The family moved in and settled down, wondering how long this third dislocation would last.
One day, driven by curiosity, Asmaa walked to the nearby beach, where she marvelled at the sight of Gazans frolicking in the waves, despite the ominous presence of Israeli gunboats patrolling offshore.
“We’ve started to feel careless,” she told me. “We don’t care for our lives any more. That’s how tired we are.”
On 19 May came the news that Asmaa had long dreaded. Her grandfather had died the day before, aged 91. After being forced to move repeatedly, he and his wife had recently settled in a tent in al-Mawasi, a desperately overcrowded place of dismal conditions, where many Palestinians had fled after the Israeli army began an operation in Rafah at the start of the month.
Sheltering in his abandoned house, Asmaa felt bereft. She hadn’t seen her grandfather since just before the war, when she had persuaded him to pose for a selfie.
“I was so happy that I managed to take that memory.”
Israeli forces finally left Jabalia on 1 June. Four days later, the family trudged back through streets so ravaged they were barely recognisable, to find their home still standing but increasingly battle-scarred.
The whole process – of cleaning, repairing and planting – had to start again, made harder this time by the fact that a missile had destroyed the workshop where her father kept all his tools.
For months, Asmaa and I had only ever communicated by text. Finally, in early July, we spoke on the phone. Two long conversations in which Asmaa took me through her Gazan odyssey and described how it had changed her.
Each time, her voice faded in and out and the line crackled, creating the impression of enormous distance.

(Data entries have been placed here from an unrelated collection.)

lemma proj_holomorphic_subset:
  assumes "proj_holomorphic F U" "openin proj_topology V" "V \<subseteq> U"
  shows "proj_holomorphic F V"
  unfolding proj_holomorphic_def
proof (intro conjI ballI allI impI)
  show "F p \<in> Proj" if "p \<in> V" for p
    using assms(1,3) that unfolding proj_holomorphic_def by blast
  fix x assume x: "x \<noteq> 0 \<and> proj_pt x \<in> V"
  then obtain W G where W: "open W" "x \<in> W" "cholomorphic_on G W"
    "\<forall>w\<in>W. G w \<noteq> 0 \<and> proj_pt (G w) = F (proj_pt w)"
    using assms(3) by (metis proj_holomorphic_liftE[OF assms(1)] subsetD)
  define W' where "W' = W \<inter> {x. x \<noteq> 0 \<and> proj_pt x \<in> V}"
  have "open W'"
    unfolding W'_def using W(1) assms(2) by (simp add: open_Int openin_proj_topology)
  moreover have "cholomorphic_on G W'"
    using W(3) unfolding cholomorphic_on_def W'_def by blast
  moreover have "x \<in> W'" "\<forall>w\<in>W'. w \<noteq> 0 \<and> proj_pt w \<in> V"
    "\<forall>w\<in>W'. G w \<noteq> 0 \<and> proj_pt (G w) = F (proj_pt w)"
    using x W(2,4) unfolding W'_def by auto
  ultimately show "\<exists>W G. open W \<and> x \<in> W \<and> (\<forall>w\<in>W. w \<noteq> 0 \<and> proj_pt w \<in> V) \<and>
           cholomorphic_on G W \<and> (\<forall>w\<in>W. G w \<noteq> 0 \<and> proj_pt (G w) = F (proj_pt w))"
    by blast
qed

lemma hform_self_Re_pivot:
  assumes "z $ j \<noteq> 0" "hform Ps Ns z z = 0"
  defines "z' \<equiv> cnj (z $ j) *s z"
  shows "z' $ j \<in> \<real>" "Re (z' $ j) > 0" "hform Ps Ns z' z' = 0"
proof -
  have "z' $ j = of_real ((norm (z $ j))\<^sup>2)"
    unfolding z'_def by (simp only: complex_norm_square vector_smult_component mult.commute)
  then show "z' $ j \<in> \<real>" "Re (z' $ j) > 0" using assms(1) by simp_all
  show "hform Ps Ns z' z' = 0"
    unfolding z'_def using assms(2) by (simp add: hform_smult_left hform_smult_right)
qed

lemma hform_self_eq_0_negative_part:
  assumes "hform Ps Ns z z = 0" "\<And>k. k \<in> Ps \<Longrightarrow> z $ k = 0" "k \<in> Ns" "finite Ns"
  shows "z $ k = 0"
proof -
  have "(\<Sum>k\<in>Ns. z $ k * cnj (z $ k)) = 0" using assms(1,2) unfolding hform_def by simp
  then have "(\<Sum>k\<in>Ns. (norm (z $ k))\<^sup>2) = 0"
    by (metis (no_types, lifting) complex_norm_square of_real_eq_0_iff of_real_sum sum.cong)
  then show ?thesis using assms(3,4) by (subst (asm) sum_nonneg_eq_0_iff) auto
qed
theorem lemma3p4:
  fixes Lx Ly c1hat C2hat p eps rho gamma C :: real
    and F F' F'' :: "real \<Rightarrow> real"
  assumes Lx: "Lx > 0" and Ly: "Ly > 0"
    and S: "0 < c1hat" "c1hat \<le> C2hat"
    and F_deriv: "\<forall>u>0. (F has_real_derivative F' u) (at u)"
    and F'_deriv: "\<forall>u>0. (F' has_real_derivative F'' u) (at u)"
    and F''_cont: "continuous_on {0<..} F''"
    and p: "p > 2"
    and F_lower: "\<exists>c1>0. \<forall>u>0. F u \<ge> c1 * u powr (-p)"
    and F'_bound: "\<exists>Ch>0. \<forall>u>0. \<bar>F' u\<bar> \<le> Ch * u powr (-p-1) + Ch"
    and F''_bound: "\<exists>ct1>0. \<exists>ct2>0. \<exists>Ct>0. \<forall>u>0.
                      ct1 * u powr (-p-2) - ct2 \<le> F'' u \<and> F'' u \<le> Ct * u powr (-p-2) + Ct"
    and eps: "0 < eps" "eps < 2"
    and rho: "rho > 0"
    and gamma: "gamma < 1" "gamma \<ge> 2/p + eps/2 + rho/(2*p)"
    and C: "C > 0"
  shows "\<exists>Cosc>0. \<forall>h (Nx::nat) (Ny::nat) u.
           0 < h \<longrightarrow> h < 1 \<longrightarrow> 0 < Nx \<longrightarrow> 0 < Ny \<longrightarrow>
           c1hat * h \<le> Lx / Nx \<longrightarrow> Lx / Nx \<le> C2hat * h \<longrightarrow>
           c1hat * h \<le> Ly / Ny \<longrightarrow> Ly / Ny \<le> C2hat * h \<longrightarrow>
           u \<in> Uh Lx Ly (Lx / Nx) (Ly / Ny) \<longrightarrow> (\<forall>z. u z > 0) \<longrightarrow>
           energy_h Lx Ly (Lx / Nx) (Ly / Ny) h eps F u \<le> C * h powr (-rho/(2+p)) \<longrightarrow>
           (\<forall>i j ih jh :: int. 1 \<le> i \<longrightarrow> i \<le> int Nx \<longrightarrow> 1 \<le> j \<longrightarrow> j \<le> int Ny \<longrightarrow>
              ih \<in> {i-1, i, i+1} \<longrightarrow> jh \<in> {j-1, j, j+1} \<longrightarrow>
              u (node (Lx / Nx) i, node (Ly / Ny) j) / u (node (Lx / Nx) ih, node (Ly / Ny) jh) \<le> Cosc)"
proof -
  obtain c1 where c1: "c1 > 0" and F_lower': "\<And>v. v > 0 \<Longrightarrow> c1 * v powr (-p) \<le> F v"
    using F_lower by blast
  define W where "W = sqrt (32*C/c1hat\<^sup>2) * (16*C/(c1*c1hat\<^sup>2)) powr (1/p)"
  have W: "W \<ge> 0"
    unfolding W_def using C by simp
  have exponents: "(rho/(2+p) + 2)/p \<le> 1 - (rho/(2+p) + eps)/2"
    using p gamma by (intro exponent_condition) simp_all
  show ?thesis
  proof (intro exI[of _ "(neighbour_ratio_bound c1hat C2hat W)\<^sup>2"] conjI allI impI)
    show "(neighbour_ratio_bound c1hat C2hat W)\<^sup>2 > 0"
      using neighbour_ratio_bound_ge_two[OF W, of c1hat C2hat] by simp
  next
    fix h :: real and Nx Ny :: nat and u :: "real \<times> real \<Rightarrow> real" and i j ih jh :: int
    assume h: "0 < h" "h < 1" and Nx: "0 < Nx" and Ny: "0 < Ny"
      and hx: "c1hat * h \<le> Lx / Nx" "Lx / Nx \<le> C2hat * h"
      and hy: "c1hat * h \<le> Ly / Ny" "Ly / Ny \<le> C2hat * h"
      and u: "u \<in> Uh Lx Ly (Lx / Nx) (Ly / Ny)" and u_pos: "\<forall>z. u z > 0"
      and E: "energy_h Lx Ly (Lx / Nx) (Ly / Ny) h eps F u \<le> C * h powr (-rho/(2+p))"
      and "1 \<le> i" "i \<le> int Nx" "1 \<le> j" "j \<le> int Ny"
      and ih: "ih \<in> {i-1, i, i+1}" and jh: "jh \<in> {j-1, j, j+1}"
    have u_pos': "\<And>z. u z > 0"
      using u_pos by blast
    have lap: "h\<^sup>2 * five_point (Lx / Nx) (Ly / Ny) u (of_int a * (Lx / Nx), of_int b * (Ly / Ny))
                 \<le> W * u (of_int a * (Lx / Nx), of_int b * (Ly / Ny))" for a b
      unfolding W_def using Nx Ny p
      by (intro scaled_five_point_le[OF h S(1) hx(1) hy(1) _ _ Nx Ny _ c1 F_lower' u u_pos' C
            E[folded minus_divide_left] exponents]) simp_all
    show "u (node (Lx / Nx) i, node (Ly / Ny) j) / u (node (Lx / Nx) ih, node (Ly / Ny) jh)
            \<le> (neighbour_ratio_bound c1hat C2hat W)\<^sup>2"
      unfolding node_def by (rule grid_ratio_le[OF S(1) h(1) hx hy W u_pos' lap]) (use ih jh in auto)
  qed
qed

end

Each time, Israeli drones, ubiquitous since this war began, could be heard buzzing in the background.
Asmaa said survival was a mixed blessing. Everyone in the house was alive. But the war wasn’t over and the threat of death was constant.
“I feel anxious all the time, thinking that there will be one day in which I will lose something,” she said. “I mean, our turn will come.”
Gaza, where Asmaa had nurtured her dreams, had been devastated. But it wasn’t the physical changes that were absorbing her the most.
Society, she said, had been utterly transformed. The constant shocks of death, displacement and trauma leaving whole neighbourhoods teetering on the brink of disintegration.
Tight-knit communities had been blown apart, she said, with family members and neighbours scattered up and down the length of the Gaza Strip, and beyond.
Sometimes, in the struggle for survival, Gazans had turned on themselves. A total breakdown in law and order leaving gangs and rival families to battle it out for control of precious resources.
“It’s becoming really normal to see people even killing each other,” Asmaa said.
But if war had brought out the worst in people, it had also brought out the best.
In Jabalia, Asmaa said, people were sharing food and water, exchanging the latest news and information on where to charge mobile phones. With basic foodstuffs once again in short supply, women were swapping improvised recipes.
“Everyone is really taking care of each other.”
Asmaa said it would take decades for Gazans to recover the meagre, confined, life they knew before 7 October. Defiant talk of reconstruction and renewal, she said, felt delusional.
As for herself, Asmaa’s only dream now was to escape.
“I don’t have any hope in this place,” she told me. “I’m not the same person any more. I don’t think I’ll recover.”